Micro-Pages: Increasing DRAM Efficiency with Locality-Aware Data Placement

- Hide Paper Summary

Paper Title: Micro-Pages: Increasing DRAM Efficiency with Locality-Aware Data Placement
Link: https://dl.acm.org/doi/10.1145/1735970.1736045
Year: ASPLOS 2010
Keyword: Micro Pages; Virtual Memory; DRAM

Back

Highlight:

Using a small counter array to track access statistics for large main memory, assuming that most computation will only be conducted on a small range of pages.
Using a 4096-entry CAM array in the memory controller to perform address remapping in a brute-force manner.
Performing clustering of commonly accessed micro pages by simply placing them together in a small reservation storage area.
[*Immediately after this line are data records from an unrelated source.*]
(* For every integer $n\geq 0$, \[ \overline{p}(n)\equiv (-1)^{n}\,\overline{p}(4n)\pmod{8}. \]
   Context: An overpartition of a nonnegative integer $n$ is a partition of $n$ in which the first occurrence of each distinct part may be overlined. $\overline{p}(n)$ denotes the number of overpartitions of $n$, with $\overline{p}(0)=1$; equivalently $\sum_{n\ge0}\overline{p}(n)q^n=\prod_{k\ge1}\frac{1+q^k}{1-q^k}$. *)

theory Defs
  imports Main "HOL-Library.Multiset" "HOL-Number_Theory.Cong"
begin

text \<open>An overpartition of n is a partition of n (a multiset of positive parts
summing to n) together with a choice of a set of distinct parts whose first
occurrence is overlined.\<close>

definition overpartitions :: "nat \<Rightarrow> (nat multiset \<times> nat set) set" where
  "overpartitions n = {(M, S). (\<forall>x \<in># M. x > 0) \<and> sum_mset M = n \<and> S \<subseteq> set_mset M}"

definition overpartition_count :: "nat \<Rightarrow> nat" where
  "overpartition_count n = card (overpartitions n)"

end

theory Submission
  imports Defs "HOL-Library.Z2" "HOL-Library.Disjoint_Sets"
begin

(*
  An overpartition is a partition M with a set of overlined distinct parts, so
  p(n) = sum over partitions M of n of 2^k(M), where k(M) is the number of distinct
  part sizes. Modulo 8 only k(M) = 1 and k(M) = 2 survive (for n > 0):
    p(n) = 2 #{k = 1} + 4 #{k = 2}  (mod 8).
  Partitions with one part size are the factorisations n = a * x (a copies of x);
  those with two part sizes are quadruples (y, a, x, b), x < y, a*y + b*x = n.
  Ferrers conjugation is an involution on the latter, whose fixed points are the
  factorisations n = a * b with a < b, a + b even. Counting fixed points of
  involutions modulo 2 (the swap (a, b) -> (b, a) on factorisations as well) yields
    p(n) = 2 s(n) + 4 e(n)  (mod 8),
  where s(n) counts factorisations a * a and e(n) those a * b with a odd, b even.
  Finally s(4n) = s(n), e(4n) = #{odd divisors of n}, which equals e(n) for n
  even and is congruent to s(n) mod 2 for n odd; this gives the theorem.
*)

section \<open>Parity of the number of fixed points of an involution\<close>

lemma of_nat_bit: "(of_nat m :: bit) = (if even m then 0 else 1)"
  by (induction m) auto

lemma even_card_fixpoint_free_involution:
  assumes "\<And>x. x \<in> S \<Longrightarrow> h x \<in> S" "\<And>x. x \<in> S \<Longrightarrow> h (h x) = x"
    and "\<And>x. x \<in> S \<Longrightarrow> h x \<noteq> x"
  shows "even (card S)"
proof -
  have "(\<Sum>x\<in>S. (1::bit)) = 0"
    by (rule sum_involution_eq_0[where h = h]) (use assms in auto)
  then show ?thesis
    by (simp add: of_nat_bit split: if_splits)
qed

lemma card_involution_fixpoints_cong:
  assumes "finite S" "\<And>x. x \<in> S \<Longrightarrow> h x \<in> S" "\<And>x. x \<in> S \<Longrightarrow> h (h x) = x"
  shows "[card S = card {x \<in> S. h x = x}] (mod 2)"
proof -
  let ?F = "{x \<in> S. h x = x}"
  have "even (card (S - ?F))"
    by (rule even_card_fixpoint_free_involution[where h = h]) (use assms in auto)
  moreover have "card S = card ?F + card (S - ?F)"
    using card_Int_Diff[OF assms(1), of ?F] by (simp add: Int_absorb1)
  ultimately show ?thesis
    by (auto simp: cong_def)
qed

section \<open>Overpartitions as weighted partitions\<close>

definition partitions :: "nat \<Rightarrow> nat multiset set" where
  "partitions n = {M. (\<forall>x\<in>#M. x > 0) \<and> sum_mset M = n}"

lemma partition_bounds:
  assumes "M \<in> partitions n"
  shows "set_mset M \<subseteq> {1..n}" "size M \<le> n"
proof -
  have pos: "\<forall>x\<in>#M. x > 0" and sum: "sum_mset M = n"
    using assms by (auto simp: partitions_def)
  show "set_mset M \<subseteq> {1..n}"
  proof
    fix x assume "x \<in># M"
    then obtain N where "M = add_mset x N" by (blast dest: multi_member_split)
    then show "x \<in> {1..n}" using pos sum by auto
  qed
  have "size M \<le> sum_mset M"
    using pos by (induction M) auto
  then show "size M \<le> n" using sum by simp
qed

lemma finite_partitions: "finite (partitions n)"
proof (rule finite_subset)
  show "partitions n \<subseteq> (\<Union>k\<le>n. multisets_of_size {1..n} k)"
    using partition_bounds by (fastforce simp: multisets_of_size_def)
qed auto

lemma overpartition_count_eq_sum:
  "overpartition_count n = (\<Sum>M\<in>partitions n. 2 ^ card (set_mset M))"
proof -
  have "overpartitions n = Sigma (partitions n) (\<lambda>M. Pow (set_mset M))"
    by (auto simp: overpartitions_def partitions_def)
  then show ?thesis
    unfolding overpartition_count_def using finite_partitions by (simp add: card_Pow)
qed

lemma power_two_mod_8:
  "[(2::int) ^ k = of_bool (k = 0) + 2 * of_bool (k = 1) + 4 * of_bool (k = 2)] (mod 8)"
proof (cases "k \<ge> 3")
  case True
  then obtain j where "k = j + 3" by (metis add.commute le_Suc_ex)
  then show ?thesis by (simp add: power_add cong_def)
next
  case False
  then have "k = 0 \<or> k = 1 \<or> k = 2" by auto
  then show ?thesis by (auto simp: cong_def)
qed

definition partitions_with_sizes :: "nat \<Rightarrow> nat \<Rightarrow> nat multiset set" where
  "partitions_with_sizes n k = {M \<in> partitions n. card (set_mset M) = k}"

text \<open>Hence, for n > 0 (so that the empty partition does not occur), modulo 8 only
  partitions with one or two part sizes contribute.\<close>

lemma overpartition_count_mod_8:
  assumes "n > 0"
  shows "[int (overpartition_count n) =
           2 * int (card (partitions_with_sizes n 1)) + 4 * int (card (partitions_with_sizes n 2))] (mod 8)"
proof -
  have no_empty: "partitions_with_sizes n 0 = {}"
    using assms by (auto simp: partitions_with_sizes_def partitions_def)
  have count: "(\<Sum>M\<in>partitions n. of_bool (card (set_mset M) = k)) = int (card (partitions_with_sizes n k))"
    for k using finite_partitions by (simp add: partitions_with_sizes_def Int_def)
  have "int (overpartition_count n) = (\<Sum>M\<in>partitions n. (2::int) ^ card (set_mset M))"
    by (simp add: overpartition_count_eq_sum)
  also have "[\<dots> = (\<Sum>M\<in>partitions n. of_bool (card (set_mset M) = 0)
      + 2 * of_bool (card (set_mset M) = 1) + 4 * of_bool (card (set_mset M) = 2))] (mod 8)"
    by (rule cong_sum) (rule power_two_mod_8)
  also have "(\<Sum>M\<in>partitions n. of_bool (card (set_mset M) = 0)
      + 2 * of_bool (card (set_mset M) = 1) + 4 * of_bool (card (set_mset M) = 2) :: int)
    = 2 * int (card (partitions_with_sizes n 1)) + 4 * int (card (partitions_with_sizes n 2))"
    by (simp only: sum.distrib sum_distrib_left[symmetric] count no_empty) simp
  finally show ?thesis .
qed

section \<open>Counting factorisations\<close>

definition pair_count :: "nat \<Rightarrow> (nat \<Rightarrow> nat \<Rightarrow> bool) \<Rightarrow> nat" where
  "pair_count n P = card {(a, b). a * b = n \<and> P a b}"

lemma finite_factorisations:
  assumes "(n::nat) > 0"
  shows "finite {(a, b). a * b = n \<and> P a b}"
proof (rule finite_subset)
  have "a \<le> n \<and> b \<le> n" if "a * b = n" for a b
    using that assms by (auto intro: dvd_imp_le)
  then show "{(a, b). a * b = n \<and> P a b} \<subseteq> {..n} \<times> {..n}"
    by auto
qed auto

lemma pair_count_cong:
  assumes "\<And>a b. a * b = n \<Longrightarrow> P a b = Q a b"
  shows "pair_count n P = pair_count n Q"
  unfolding pair_count_def by (rule arg_cong[where f = card]) (use assms in auto)

lemma pair_count_split:
  assumes "n > 0"
  shows "pair_count n P = pair_count n (\<lambda>a b. P a b \<and> Q a b) + pair_count n (\<lambda>a b. P a b \<and> \<not> Q a b)"
proof -
  have "{(a, b). a * b = n \<and> P a b} =
      {(a, b). a * b = n \<and> P a b \<and> Q a b} \<union> {(a, b). a * b = n \<and> P a b \<and> \<not> Q a b}"
    by auto
  then show ?thesis
    unfolding pair_count_def
    by (simp add: card_Un_disjoint[OF finite_factorisations finite_factorisations, OF assms assms]
        disjoint_iff)
qed

lemma pair_count_swap: "pair_count n P = pair_count n (\<lambda>a b. P b a)"
proof -
  have "{(a, b). a * b = n \<and> P b a} = prod.swap ` {(a, b). a * b = n \<and> P a b}"
    by (auto simp: image_def mult.commute)
  then show ?thesis
    unfolding pair_count_def by (simp add: card_image)
qed

text \<open>The exchange is an involution whose fixed points are the squares, so the
  number of divisors and the number of square factorisations agree mod 2.\<close>

lemma pair_count_parity:
  assumes "n > 0"
  shows "[pair_count n (\<lambda>_ _. True) = pair_count n (=)] (mod 2)"
proof -
  let ?D = "{(a, b). a * b = n}"
  have fin: "finite ?D"
    using finite_factorisations[OF assms, of "\<lambda>_ _. True"] by simp
  have swap_D: "prod.swap p \<in> ?D" if "p \<in> ?D" for p
    using that by (cases p) (simp add: mult.commute)
  have "[card ?D = card {p \<in> ?D. prod.swap p = p}] (mod 2)"
    by (rule card_involution_fixpoints_cong[OF fin swap_D]) simp_all
  moreover have "{p \<in> ?D. prod.swap p = p} = {(a, b). a * b = n \<and> a = b}"
    by (force simp: prod.swap_def)
  ultimately show ?thesis
    by (simp add: pair_count_def)
qed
This is not actually clustering, but just selecting the most frequently accessed micro pages and put them together, hoping that they will be accessed together.

Questions

This paper is not really doing clustering. Instead, it simply recognizes hot micro-pages from each page, and copies them to a small, concentrated area. This does not guarantee that micro-pages that are accessed together are always on the same row. In a worst case, frequent row buffer closing may still be required, if micro-pages are not placed optimally. Data placement itself should be a topic of this paper, but there is none.
The paper does not specify whether data migration happens in the background or foreground. If former, is the overhead of blocking system execution and performing data migration counted towards the overhead? If latter, how does OS deal with data race with potential writes to the migrated page and data copy (you can set write permission for pages under migration, of course)?
The paper does not mention how the reserved space is maintained, i.e., how evictions happen? How OS / memory controller remembers which slot stores which micro page?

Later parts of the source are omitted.